Arquitetura de alienação e as repercussões no corpo
- Estela Turozi.

- 3 de dez. de 2019
- 2 min de leitura
O meio ambiente contemporâneo e a arquitetura standard desempenham um papel opressivo. Trabalhando o dia e o ano inteiro à luz artificial, não podemos contar com a rotação do sol que confere pontos de referência temporais. Além disso, já que a luz não circula e muito menos a sombra, o corpo não é mais modelado pelo contínuo e natural jogo de claro-escuro. Nosso relevo, terceira dimensão e referencia no espaço são achatados, reduzidos. A luz artificial e sempre idêntica apaga-nos, esmaga-nos. Rouba-nos ainda outra prova da existência: nossa sombra. Quanto ao movimento natural do corpo em direção ao sol, é suprimido. Com o tropismo atrofiado, perdemos uma parte do ¨natural¨, da vida vegetal e animal.

luz da cidade
Atravessar um vasto hall onde todos os objetos nos ultrapassam em tamanho, faz com que nos sintamos diminuídos e com a confiança abalada. Como esse espaço com a finalidade de acelerar o movimento da multidão, a pessoa sozinha não se sente bem nele; vê-se obrigada a modificar o próprio ritmo nesse espaço estruturado como local de passagem que desemboca numa escada ou num elevador.

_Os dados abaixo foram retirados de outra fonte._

(* Let $|\psi\rangle,|\phi\rangle,|e\rangle,|f\rangle$ be unit vectors in $\mathbb{C}^2$ and let $\mathcal{D}$ be the set of depolarizing channels $\Psi_\rho(A)=(\operatorname{tr}A)\rho$, $\rho$ a density operator on $\mathbb{C}^2$. Then $$\max_{\Psi\in\mathcal{D}}\left\{\frac12\langle e|\Psi(|\psi\rangle\langle\psi|)|e\rangle+\frac12\langle f|\Psi(|\phi\rangle\langle\phi|)|f\rangle\right\}=\frac12\left(1+|\langle e|f\rangle|\right).$$ This value equals $1$ if and only if $|\langle e|f\rangle|=1$; consequently, $(|\psi\rangle,|\phi\rangle)$ is jointly convertible into $(|e\rangle,|f\rangle)$ within $\mathcal{D}$ if and only if $|\langle e|f\rangle|=1$.
   Context: For a set $\mathcal{X}$ of quantum channels on $\mathcal{L}(\mathbb{C}^2)$, $(|\psi\rangle,|\phi\rangle)$ is jointly convertible into $(|e\rangle,|f\rangle)$ within $\mathcal{X}$ if there exists $\Psi\in\mathcal{X}$ with $\Psi(|\psi\rangle\langle\psi|)=|e\rangle\langle e|$ and $\Psi(|\phi\rangle\langle\phi|)=|f\rangle\langle f|$. *)

theory Defs
  imports "HOL-Analysis.Analysis"
begin

text \<open>Vectors of C^2 are complex^2, operators on C^2 are complex^2^2
  (row index first). Bra-ket inner product, antilinear in the first argument.\<close>

definition braket :: "complex^2 \<Rightarrow> complex^2 \<Rightarrow> complex" where
  "braket x y = (\<Sum>i\<in>UNIV. cnj (x $ i) * y $ i)"

definition ketbra :: "complex^2 \<Rightarrow> complex^2^2" where
  "ketbra x = (\<chi> i j. x $ i * cnj (x $ j))"

definition density_op :: "complex^2^2 \<Rightarrow> bool" where
  "density_op \<rho> \<longleftrightarrow>
     (\<forall>v. braket v (\<rho> *v v) \<in> \<real> \<and> 0 \<le> Re (braket v (\<rho> *v v))) \<and> trace \<rho> = 1"

definition depol :: "complex^2^2 \<Rightarrow> complex^2^2 \<Rightarrow> complex^2^2" where
  "depol \<rho> A = (\<chi> i j. trace A * \<rho> $ i $ j)"

definition depol_channels :: "(complex^2^2 \<Rightarrow> complex^2^2) set" where
  "depol_channels = {depol \<rho> | \<rho>. density_op \<rho>}"

definition jointly_convertible ::
  "(complex^2^2 \<Rightarrow> complex^2^2) set \<Rightarrow> complex^2 \<Rightarrow> complex^2 \<Rightarrow> complex^2 \<Rightarrow> complex^2 \<Rightarrow> bool" where
  "jointly_convertible X \<psi> \<phi> e f \<longleftrightarrow>
     (\<exists>\<Psi>\<in>X. \<Psi> (ketbra \<psi>) = ketbra e \<and> \<Psi> (ketbra \<phi>) = ketbra f)"

text \<open>Objective value (a real number for positive Psi(.)); we take its real part.\<close>
definition success_val ::
  "(complex^2^2 \<Rightarrow> complex^2^2) \<Rightarrow> complex^2 \<Rightarrow> complex^2 \<Rightarrow> complex^2 \<Rightarrow> complex^2 \<Rightarrow> real" where
  "success_val \<Psi> \<psi> \<phi> e f =
     Re (braket e (\<Psi> (ketbra \<psi>) *v e) / 2 + braket f (\<Psi> (ketbra \<phi>) *v f) / 2)"

end

theory Submission
  imports Defs
begin

text \<open>Every density operator on C^2 is (I + r . sigma) / 2 for a Bloch vector r in the closed
  unit ball, and for a unit vector v one has <v|rho|v> = (1 + r . a_v) / 2, where a_v is the unit
  Bloch vector of |v><v|. A depolarizing channel sends every state to rho, so the objective is
  1/2 + r . (a_e + a_f) / 4, which by Cauchy-Schwarz is maximal at r = sgn (a_e + a_f); and
  |a_e + a_f|^2 = 2 + 2 a_e . a_f = 4 |<e|f>|^2. Joint convertibility forces
  rho = |e><e| = |f><f|, i.e. a_e = a_f, which happens iff |<e|f>| = 1.\<close>

lemma braket_2: "braket x y = cnj (x$1) * y$1 + cnj (x$2) * y$2"
  by (simp add: braket_def sum_2)

lemma matrix_vector_mult_2: "((A::complex^2^2) *v v) $ i = A$i$1 * v$1 + A$i$2 * v$2"
  by (simp add: matrix_vector_mult_def sum_2)

lemma trace_2: "trace (A::complex^2^2) = A$1$1 + A$2$2"
  by (simp add: trace_def sum_2)

lemma norm_2_squared: "norm (v::complex^2) ^ 2 = cmod (v$1)^2 + cmod (v$2)^2"
  by (simp add: norm_vec_def L2_set_def sum_2)

lemma inner_3: "inner (x::real^3) y = x$1 * y$1 + x$2 * y$2 + x$3 * y$3"
  by (simp add: inner_vec_def sum_3)

lemma inner_sgn_self: "inner (sgn x) x = norm x"
  by (cases "x = 0") (simp_all add: sgn_div_norm power2_norm_eq_inner[symmetric] power2_eq_square)

definition bloch_vector :: "complex^2^2 \<Rightarrow> real^3" where
  "bloch_vector A = vector [2 * Re (A$1$2), - 2 * Im (A$1$2), Re (A$1$1 - A$2$2)]"

text \<open>The density operator with Bloch vector r, i.e. (I + r1 X + r2 Y + r3 Z) / 2 for the
  Pauli matrices X, Y, Z; on Hermitian matrices of trace one, bloch_vector is its inverse.\<close>

definition bloch_op :: "real^3 \<Rightarrow> complex^2^2" where
  "bloch_op r = (\<chi> i j.
     if i = 1 then (if j = 1 then Complex ((1 + r$3) / 2) 0 else Complex (r$1 / 2) (- r$2 / 2))
     else (if j = 1 then Complex (r$1 / 2) (r$2 / 2) else Complex ((1 - r$3) / 2) 0))"

lemma bloch_op_nth [simp]:
  "bloch_op r $1$1 = Complex ((1 + r$3) / 2) 0" "bloch_op r $1$2 = Complex (r$1 / 2) (- r$2 / 2)"
  "bloch_op r $2$1 = Complex (r$1 / 2) (r$2 / 2)" "bloch_op r $2$2 = Complex ((1 - r$3) / 2) 0"
  by (simp_all add: bloch_op_def)

lemma bloch_vector_nth [simp]:
  "bloch_vector A $ 1 = 2 * Re (A$1$2)" "bloch_vector A $ 2 = - 2 * Im (A$1$2)"
  "bloch_vector A $ 3 = Re (A$1$1 - A$2$2)"
  by (simp_all add: bloch_vector_def)

abbreviation bloch_ket :: "complex^2 \<Rightarrow> real^3" where
  "bloch_ket v \<equiv> bloch_vector (ketbra v)"

lemma ketbra_nth [simp]: "ketbra v $ i $ j = v$i * cnj (v$j)"
  by (simp add: ketbra_def)

lemma braket_self: "braket v v = of_real (norm v ^ 2)"
  unfolding braket_2 norm_2_squared cmod_power2 by (simp add: complex_eq_iff power2_eq_square)

lemma trace_ketbra: "trace (ketbra v) = of_real (norm v ^ 2)"
  unfolding trace_2 norm_2_squared cmod_power2 by (simp add: complex_eq_iff power2_eq_square)

lemma braket_bloch_op:
  "braket v (bloch_op r *v v) = of_real ((norm v ^ 2 + inner r (bloch_ket v)) / 2)"
  unfolding braket_2 matrix_vector_mult_2 norm_2_squared inner_3 cmod_power2
  by (simp add: complex_eq_iff power2_eq_square field_simps)

lemma inner_bloch_ket:
  "inner (bloch_ket v) (bloch_ket w) = 2 * cmod (braket v w) ^ 2 - norm v ^ 2 * norm w ^ 2"
  unfolding braket_2 norm_2_squared inner_3 cmod_power2
  by (simp add: power2_eq_square algebra_simps)

lemma norm_bloch_ket: "norm (bloch_ket v) = norm v ^ 2"
proof -
  have "norm (bloch_ket v) ^ 2 = inner (bloch_ket v) (bloch_ket v)"
    by (rule power2_norm_eq_inner)
  also have "\<dots> = (norm v ^ 2) ^ 2"
    unfolding inner_bloch_ket braket_self norm_of_real by (simp add: power2_eq_square)
  finally have "norm (bloch_ket v) ^ 2 = (norm v ^ 2) ^ 2" .
  then show ?thesis by (simp add: power2_eq_imp_eq)
qed

lemma density_op_bloch_op:
  assumes "norm r \<le> 1"
  shows "density_op (bloch_op r)"
  unfolding density_op_def
proof (intro conjI allI)
  fix v
  show "braket v (bloch_op r *v v) \<in> \<real>"
    by (simp add: braket_bloch_op)
  have "- inner r (bloch_ket v) \<le> norm r * norm v ^ 2"
    using norm_cauchy_schwarz[of "- r" "bloch_ket v"] by (simp add: norm_bloch_ket)
  also have "\<dots> \<le> norm v ^ 2"
    using assms by (simp add: mult_left_le_one_le)
  finally show "0 \<le> Re (braket v (bloch_op r *v v))"
    by (simp add: braket_bloch_op)
  show "trace (bloch_op r) = 1"
    by (simp add: trace_2 complex_eq_iff field_simps)
qed

text \<open>For trace one, bloch_op (- r) is the adjugate of bloch_op r. Since a matrix times its
  adjugate is its determinant times I, the quadratic forms of bloch_op r at the columns of the
  adjugate add up to the determinant (1 - |r|^2) / 4; this is how positivity bounds |r|.\<close>

lemma adjugate_columns_form:
  "(\<Sum>j\<in>UNIV. braket (column j (bloch_op (- r))) (bloch_op r *v column j (bloch_op (- r))))
     = of_real ((1 - norm r ^ 2) / 4)"
  unfolding sum_2 braket_2 matrix_vector_mult_2 power2_norm_eq_inner inner_3
  by (simp add: column_def complex_eq_iff field_simps)

lemma bloch_op_bloch_vector_density_op:
  assumes "density_op \<rho>"
  shows "bloch_op (bloch_vector \<rho>) = \<rho>"
proof -
  have real: "braket v (\<rho> *v v) \<in> \<real>" for v
    using assms by (simp add: density_op_def)
  have quad: "braket v (\<rho> *v v) = cnj (v$1) * (\<rho>$1$1 * v$1 + \<rho>$1$2 * v$2)
      + cnj (v$2) * (\<rho>$2$1 * v$1 + \<rho>$2$2 * v$2)" for v
    by (simp add: braket_2 matrix_vector_mult_2)
  have "Im (\<rho>$1$1) = 0" "Im (\<rho>$2$2) = 0"
    using real[of "vector [1, 0]"] real[of "vector [0, 1]"]
    unfolding quad by (simp_all add: complex_is_Real_iff)
  moreover have "Im (\<rho>$1$2) + Im (\<rho>$2$1) = 0"
    using real[of "vector [1, 1]"] calculation unfolding quad by (simp add: complex_is_Real_iff)
  moreover have "Re (\<rho>$1$2) = Re (\<rho>$2$1)"
    using real[of "vector [1, \<i>]"] calculation unfolding quad by (simp add: complex_is_Real_iff)
  moreover have "Re (\<rho>$1$1) + Re (\<rho>$2$2) = 1"
    using assms by (simp add: density_op_def trace_2 complex_eq_iff)
  ultimately show ?thesis
    unfolding vec_eq_iff forall_2 by (auto simp: complex_eq_iff)
qed

lemma density_op_iff_bloch_ball:
  "density_op \<rho> \<longleftrightarrow> (\<exists>r. norm r \<le> 1 \<and> \<rho> = bloch_op r)"
proof
  assume \<rho>: "density_op \<rho>"
  define r where "r = bloch_vector \<rho>"
  have \<rho>_eq: "\<rho> = bloch_op r"
    using bloch_op_bloch_vector_density_op[OF \<rho>] by (simp add: r_def)
  have "0 \<le> Re (\<Sum>j\<in>UNIV. braket (column j (bloch_op (- r))) (\<rho> *v column j (bloch_op (- r))))"
    using \<rho> unfolding Re_sum density_op_def by (simp add: sum_nonneg)
  then have "norm r ^ 2 \<le> 1 ^ 2"
    by (simp only: \<rho>_eq adjugate_columns_form Re_complex_of_real) simp
  then show "\<exists>r. norm r \<le> 1 \<and> \<rho> = bloch_op r"
    using \<rho>_eq power2_le_imp_le[of "norm r" 1] by auto
qed (auto intro: density_op_bloch_op)

lemma depol_ketbra:
  assumes "norm \<psi> = 1"
  shows "depol \<rho> (ketbra \<psi>) = \<rho>"
  using assms by (simp add: depol_def trace_ketbra vec_eq_iff)

lemma bloch_op_bloch_ket:
  assumes "norm v = 1"
  shows "bloch_op (bloch_ket v) = ketbra v"
proof -
  have "Re (v$1) ^ 2 + Im (v$1) ^ 2 + (Re (v$2) ^ 2 + Im (v$2) ^ 2) = 1"
    using assms norm_2_squared[of v] by (simp add: cmod_power2)
  then show ?thesis
    unfolding vec_eq_iff forall_2 by (auto simp: complex_eq_iff power2_eq_square field_simps)
qed

lemma success_val_depol_bloch_op:
  assumes "norm \<psi> = 1" "norm \<phi> = 1" "norm e = 1" "norm f = 1"
  shows "success_val (depol (bloch_op r)) \<psi> \<phi> e f = (2 + inner r (bloch_ket e + bloch_ket f)) / 4"
  using assms
  by (simp add: success_val_def depol_ketbra braket_bloch_op inner_add_right field_simps)

lemma density_op_ketbra:
  assumes "norm v = 1"
  shows "density_op (ketbra v)"
  unfolding density_op_iff_bloch_ball
  using assms bloch_op_bloch_ket[OF assms]
  by (intro exI[of _ "bloch_ket v"]) (simp add: norm_bloch_ket)

lemma inner_bloch_ket_unit:
  assumes "norm e = 1" "norm f = 1"
  shows "inner (bloch_ket e) (bloch_ket f) = 2 * cmod (braket e f) ^ 2 - 1"
  using assms by (simp add: inner_bloch_ket)

lemma norm_bloch_ket_add:
  assumes "norm e = 1" "norm f = 1"
  shows "norm (bloch_ket e + bloch_ket f) = 2 * cmod (braket e f)"
proof -
  have "2 * cmod (braket e f) ^ 2 - 1 = (norm (bloch_ket e + bloch_ket f) ^ 2 - 1 - 1) / 2"
    using dot_norm[of "bloch_ket e" "bloch_ket f"]
    by (simp only: inner_bloch_ket_unit norm_bloch_ket assms power_one)
  then have "norm (bloch_ket e + bloch_ket f) ^ 2 = (2 * cmod (braket e f)) ^ 2"
    unfolding power_mult_distrib by simp
  then show ?thesis
    by (rule power2_eq_imp_eq) simp_all
qed

lemma ketbra_eq_iff:
  assumes "norm e = 1" "norm f = 1"
  shows "ketbra e = ketbra f \<longleftrightarrow> cmod (braket e f) = 1"
proof -
  have "2 * cmod (braket e f) ^ 2 - 1 = (1 + 1 - norm (bloch_ket e - bloch_ket f) ^ 2) / 2"
    using dot_norm_neg[of "bloch_ket e" "bloch_ket f"]
    by (simp only: inner_bloch_ket_unit norm_bloch_ket assms power_one)
  then have dist: "norm (bloch_ket e - bloch_ket f) ^ 2 = 4 * (1 - cmod (braket e f) ^ 2)"
    by (simp add: field_simps)
  have "ketbra e = ketbra f \<longleftrightarrow> bloch_ket e = bloch_ket f"
    using bloch_op_bloch_ket[OF assms(1)] bloch_op_bloch_ket[OF assms(2)] by metis
  also have "\<dots> \<longleftrightarrow> norm (bloch_ket e - bloch_ket f) ^ 2 = 0"
    by simp
  also have "\<dots> \<longleftrightarrow> cmod (braket e f) ^ 2 = 1"
    unfolding dist by simp
  also have "\<dots> \<longleftrightarrow> cmod (braket e f) = 1"
    by (simp add: abs_square_eq_1)
  finally show ?thesis .
qed

lemma jointly_convertible_depol_iff:
  assumes "norm \<psi> = 1" "norm \<phi> = 1" "norm e = 1"
  shows "jointly_convertible depol_channels \<psi> \<phi> e f \<longleftrightarrow> ketbra e = ketbra f"
  unfolding jointly_convertible_def depol_channels_def
  using depol_ketbra[OF assms(1)] depol_ketbra[OF assms(2)] density_op_ketbra[OF assms(3)] by auto

theorem corollary1:
  fixes \<psi> \<phi> e f :: "complex^2"
  assumes "norm \<psi> = 1" and "norm \<phi> = 1" and "norm e = 1" and "norm f = 1"
  shows "(\<exists>\<Psi>\<in>depol_channels. success_val \<Psi> \<psi> \<phi> e f = (1 + cmod (braket e f)) / 2)
       \<and> (\<forall>\<Psi>\<in>depol_channels. success_val \<Psi> \<psi> \<phi> e f \<le> (1 + cmod (braket e f)) / 2)
       \<and> ((1 + cmod (braket e f)) / 2 = 1 \<longleftrightarrow> cmod (braket e f) = 1)
       \<and> (jointly_convertible depol_channels \<psi> \<phi> e f \<longleftrightarrow> cmod (braket e f) = 1)"
proof -
  define m where "m = bloch_ket e + bloch_ket f"
  have norm_m: "norm m = 2 * cmod (braket e f)"
    unfolding m_def using assms(3,4) by (rule norm_bloch_ket_add)
  have objective: "success_val (depol (bloch_op r)) \<psi> \<phi> e f = (2 + inner r m) / 4" for r
    unfolding m_def using assms by (rule success_val_depol_bloch_op)
  have attained: "\<exists>\<Psi>\<in>depol_channels. success_val \<Psi> \<psi> \<phi> e f = (1 + cmod (braket e f)) / 2"
  proof
    show "depol (bloch_op (sgn m)) \<in> depol_channels"
      unfolding depol_channels_def using density_op_bloch_op[of "sgn m"] by (auto simp: norm_sgn)
    show "success_val (depol (bloch_op (sgn m))) \<psi> \<phi> e f = (1 + cmod (braket e f)) / 2"
      by (simp add: objective inner_sgn_self norm_m field_simps)
  qed
  have bounded: "\<forall>\<Psi>\<in>depol_channels. success_val \<Psi> \<psi> \<phi> e f \<le> (1 + cmod (braket e f)) / 2"
  proof
    fix \<Psi> assume "\<Psi> \<in> depol_channels"
    then obtain r where r: "norm r \<le> 1" and \<Psi>: "\<Psi> = depol (bloch_op r)"
      unfolding depol_channels_def density_op_iff_bloch_ball by blast
    have "inner r m \<le> norm m"
      using norm_cauchy_schwarz[of r m] mult_right_mono[OF r norm_ge_zero[of m]] by simp
    then show "success_val \<Psi> \<psi> \<phi> e f \<le> (1 + cmod (braket e f)) / 2"
      unfolding \<Psi> objective norm_m by simp
  qed
  show ?thesis
    using attained bounded jointly_convertible_depol_iff[OF assms(1-3)] ketbra_eq_iff[OF assms(3,4)]
    by auto
qed

end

A exigência de rentabilidade dos prédios modernos faz com que as escadas se situem na coluna central do edifício. Ao subir, não temos, pois, nenhuma vista do exterior, nenhum jeito de nos situarmos no espaço. Ficamos literalmente desnorteados. Sem norte nem sul.

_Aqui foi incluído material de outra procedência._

lemma interpolated_bound:
  fixes \<alpha> \<beta> \<kappa> T \<gamma> m e\<^sub>\<alpha> e\<^sub>\<beta> e\<^sub>\<kappa> :: real
  assumes pos: "\<alpha> > 0" "\<beta> > 0" "\<kappa> > 0" "T \<ge> 0" and \<gamma>: "0 \<le> \<gamma>" "\<gamma> \<le> 1/2"
    and e: "e\<^sub>\<alpha> \<le> min T (2 / \<alpha>)" "e\<^sub>\<beta> \<le> min T (2 / \<beta>)" "e\<^sub>\<kappa> \<le> min T (2 / \<kappa>)"
    and m: "m \<le> (e\<^sub>\<kappa> + e\<^sub>\<alpha>) / \<beta>" "m \<le> (e\<^sub>\<beta> + e\<^sub>\<kappa>) / \<alpha>"
  shows "m \<le> 2 * (rpow T (2*\<gamma>) / (\<beta> powr \<gamma> * \<alpha> powr (1-\<gamma>) * \<kappa> powr (1 - 2*\<gamma>))
                 + rpow T (2*\<gamma>) / (\<alpha> powr (1-\<gamma>) * \<beta> powr (1-\<gamma>)))"
proof -
  define P p \<mu> M where "P = rpow T (2*\<gamma>)" and "p = 1 - 2*\<gamma>"
    and "\<mu> = min \<alpha> \<beta>" and "M = max \<alpha> \<beta>"
  have "P \<ge> 0" by (simp add: P_def rpow_def)
  have "\<mu> > 0" "M > 0" "\<mu> \<le> M" using pos by (auto simp: \<mu>_def M_def)
  have e_le: "e \<le> 2 * P / c powr p" if "e \<le> min T (2 / c)" "c > 0" for e c
    using that min_le_rpow_div_powr[of T c "2*\<gamma>"] pos \<gamma> unfolding P_def p_def by linarith
  obtain e\<^sub>\<mu> where e\<^sub>\<mu>: "e\<^sub>\<mu> \<le> min T (2 / \<mu>)" and "m \<le> (e\<^sub>\<kappa> + e\<^sub>\<mu>) / M"
  proof (cases "\<alpha> \<le> \<beta>")
    case True
    then show ?thesis using that[of e\<^sub>\<alpha>] e m by (simp add: \<mu>_def M_def)
  next
    case False
    then show ?thesis using that[of e\<^sub>\<beta>] e m by (simp add: \<mu>_def M_def add.commute)
  qed
  note \<open>m \<le> (e\<^sub>\<kappa> + e\<^sub>\<mu>) / M\<close>
  also have "\<dots> \<le> (2 * P / \<kappa> powr p + 2 * P / \<mu> powr p) / M"
    using e(3) e\<^sub>\<mu> pos \<open>\<mu> > 0\<close> \<open>M > 0\<close> by (intro divide_right_mono add_mono e_le) auto
  also have "\<dots> = 2 * (P / (M * \<kappa> powr p) + P / (\<mu> powr p * M))"
    using pos \<open>\<mu> > 0\<close> \<open>M > 0\<close> by (simp add: field_simps)
  also have "\<dots> \<le> 2 * (P / (\<beta> powr \<gamma> * \<alpha> powr (1-\<gamma>) * \<kappa> powr p)
                      + P / (\<alpha> powr (1-\<gamma>) * \<beta> powr (1-\<gamma>)))"
  proof -
    have "\<beta> powr \<gamma> * \<alpha> powr (1-\<gamma>) \<le> M"
      using powr_mult_powr_le_max[of \<beta> \<alpha> \<gamma>] pos \<gamma> by (simp add: M_def max.commute)
    then have first: "\<beta> powr \<gamma> * \<alpha> powr (1-\<gamma>) * \<kappa> powr p \<le> M * \<kappa> powr p"
      by (simp add: mult_right_mono)
    have "\<alpha> powr (1-\<gamma>) * \<beta> powr (1-\<gamma>) = \<mu> powr (1-\<gamma>) * M powr (1-\<gamma>)"
      by (cases "\<alpha> \<le> \<beta>") (auto simp: \<mu>_def M_def max_def min_def mult.commute)
    also have "\<dots> = \<mu> powr p * (\<mu> powr \<gamma> * M powr (1-\<gamma>))"
      by (simp add: p_def powr_add[symmetric])
    also have "\<dots> \<le> \<mu> powr p * M"
      using powr_mult_powr_le_max[of \<mu> M \<gamma>] \<open>\<mu> > 0\<close> \<open>\<mu> \<le> M\<close> \<gamma>
      by (intro mult_left_mono) (auto simp: max_absorb2)
    finally have second: "\<alpha> powr (1-\<gamma>) * \<beta> powr (1-\<gamma>) \<le> \<mu> powr p * M" .
    show ?thesis
      using first second \<open>P \<ge> 0\<close> pos \<open>\<mu> > 0\<close> \<open>M > 0\<close>
      by (intro mult_left_mono add_mono divide_left_mono) (auto intro: mult_pos_pos)
  qed
  finally show ?thesis unfolding P_def p_def .
qed

lemma norm_mterm_nonresonant_bound:
  assumes "a \<noteq> 0" "b \<noteq> 0" "a + b \<noteq> 0" "s \<le> t" "0 \<le> \<gamma>" "\<gamma> \<le> 1/2"
  shows "cmod (mterm a b s t) \<le> 2 * (
           rpow (t - s) (2*\<gamma>) / (\<bar>b\<bar> powr \<gamma> * \<bar>a\<bar> powr (1-\<gamma>) * \<bar>a + b\<bar> powr (1 - 2*\<gamma>))
         + rpow (t - s) (2*\<gamma>) / (\<bar>a\<bar> powr (1-\<gamma>) * \<bar>b\<bar> powr (1-\<gamma>)))"
  using interpolated_bound[OF _ _ _ _ assms(5,6) norm_oscillatory_integral_le[OF assms(1,4)]
      norm_oscillatory_integral_le[OF assms(2,4)] norm_oscillatory_integral_le[OF assms(3,4)]
      norm_mterm_nonresonant_le[OF assms(1-4)]] assms
  by simp

theorem lemma8:
  "\<exists>C>0. \<forall>(a::real) (b::real) (s::real) (t::real) (\<gamma>::real).
     a \<noteq> 0 \<longrightarrow> b \<noteq> 0 \<longrightarrow> s \<le> t \<longrightarrow> 0 \<le> \<gamma> \<longrightarrow> \<gamma> \<le> 1/2 \<longrightarrow>
     (a + b \<noteq> 0 \<or> \<gamma> = 1/2) \<longrightarrow>
     cmod (mterm a b s t) \<le> C * (
        rpow \<bar>t - s\<bar> (2*\<gamma>) / (rpow \<bar>b\<bar> \<gamma> * rpow \<bar>a\<bar> (1-\<gamma>) * rpow \<bar>a + b\<bar> (1 - 2*\<gamma>))
      + rpow \<bar>t - s\<bar> (2*\<gamma>) / (rpow \<bar>a\<bar> (1-\<gamma>) * rpow \<bar>b\<bar> (1-\<gamma>)))"
proof (intro exI[of _ 2] conjI allI impI)
  fix a b s t \<gamma> :: real
  assume a: "a \<noteq> 0" and b: "b \<noteq> 0" and st: "s \<le> t" and \<gamma>: "0 \<le> \<gamma>" "\<gamma> \<le> 1/2"
    and ab: "a + b \<noteq> 0 \<or> \<gamma> = 1/2"
  have rpow_abs: "rpow \<bar>x\<bar> p = \<bar>x\<bar> powr p" if "x \<noteq> 0" for x p
    using that by (simp add: rpow_def)
  show "cmod (mterm a b s t) \<le> 2 * (
        rpow \<bar>t - s\<bar> (2*\<gamma>) / (rpow \<bar>b\<bar> \<gamma> * rpow \<bar>a\<bar> (1-\<gamma>) * rpow \<bar>a + b\<bar> (1 - 2*\<gamma>))
      + rpow \<bar>t - s\<bar> (2*\<gamma>) / (rpow \<bar>a\<bar> (1-\<gamma>) * rpow \<bar>b\<bar> (1-\<gamma>)))"
  proof (cases "a + b = 0")
    case True
    then have "\<gamma> = 1/2" "\<bar>a\<bar> = \<bar>b\<bar>" using ab by auto
    have "\<bar>b\<bar> powr (1/2) * \<bar>b\<bar> powr (1/2) = \<bar>b\<bar>"
      using b by (simp add: powr_add[symmetric])
    then have "rpow \<bar>b\<bar> \<gamma> * rpow \<bar>a\<bar> (1-\<gamma>) = \<bar>b\<bar>" "rpow \<bar>a\<bar> (1-\<gamma>) * rpow \<bar>b\<bar> (1-\<gamma>) = \<bar>b\<bar>"
      "rpow \<bar>t - s\<bar> (2*\<gamma>) = t - s" "rpow \<bar>a + b\<bar> (1 - 2*\<gamma>) = 1"
      using \<open>\<bar>a\<bar> = \<bar>b\<bar>\<close> b st unfolding \<open>\<gamma> = 1/2\<close> by (simp_all add: rpow_def)
    moreover have "(t - s) / \<bar>b\<bar> \<le> 2 * ((t - s) / \<bar>b\<bar> + (t - s) / \<bar>b\<bar>)"
      using st by (simp add: divide_right_mono)
    ultimately show ?thesis
      using norm_mterm_resonant_le[OF True b st] by simp
  next
    case False
    then show ?thesis
      using norm_mterm_nonresonant_bound[OF a b False st \<gamma>] st a b
      by (simp add: rpow_abs)
  qed
qed simp

end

Se a escada é circular, os degraus com tamanho e distância regulares, nosso olhar, avançando, não sabe nos informar se estamos chegando aos últimos degraus. É quase inevitável que tateemos com o pé ou que tropecemos antes de chegar ao patamar. E essa incerteza ou falta de jeito condicionam negativamente nosso comportamento durante a entrevista que tivermos.
Os elevadores perturbam nossos pontos de referência espaciais, assim como, por causa da irritação da parede vestibular, alteram a percepção que temos do peso do corpo e da relação entre cabeça e corpo. As impressões são complexas; mas resumindo, ao começar a subida, as pernas parecem mais pesadas. No momento da parada temos a impressão de que o corpo continua a subir antes de descer. A impressão de leveza no momento da parada é seguida da impressão de que o corpo esticou, como se a substancia pesada interna se soltasse dos pés e quisesse sair pelo alto. Na descida, o corpo parece não só mais leve como mais comprido, como se a parte da cabeça não acompanhasse o movimento e ficasse no mesmo lugar. O essencial é que, no elevador, nossa unidade corporal é atacada e sofremos por isso um efeito psíquico desfavorável.

elevador
Locais alienadores, talvez concebidos no quadro de uma política de intimidação, não deixam de ser onde temos que viver. E, apesar de tudo, queremos viver plenamente. A solução não consistirá em considerar o corpo como lugar primeiro e primordial de nossa vida? Morar antes de mais nada no próprio corpo, saber organizar lhe os movimentos, do interior, confere-nos ao menos a possibilidade de nos libertarmos da intimidação dos espaços organizados para fins sociais. Sentir-se bem no próprio corpo não será, sobretudo, poder sentir-se, admitir, perceber e desenvolver as próprias sensações?
Texto extraido do livro: O corpo tem suas razões – Antiginástica e consciência de si. Thérése Bertherat, Carol Bernstein.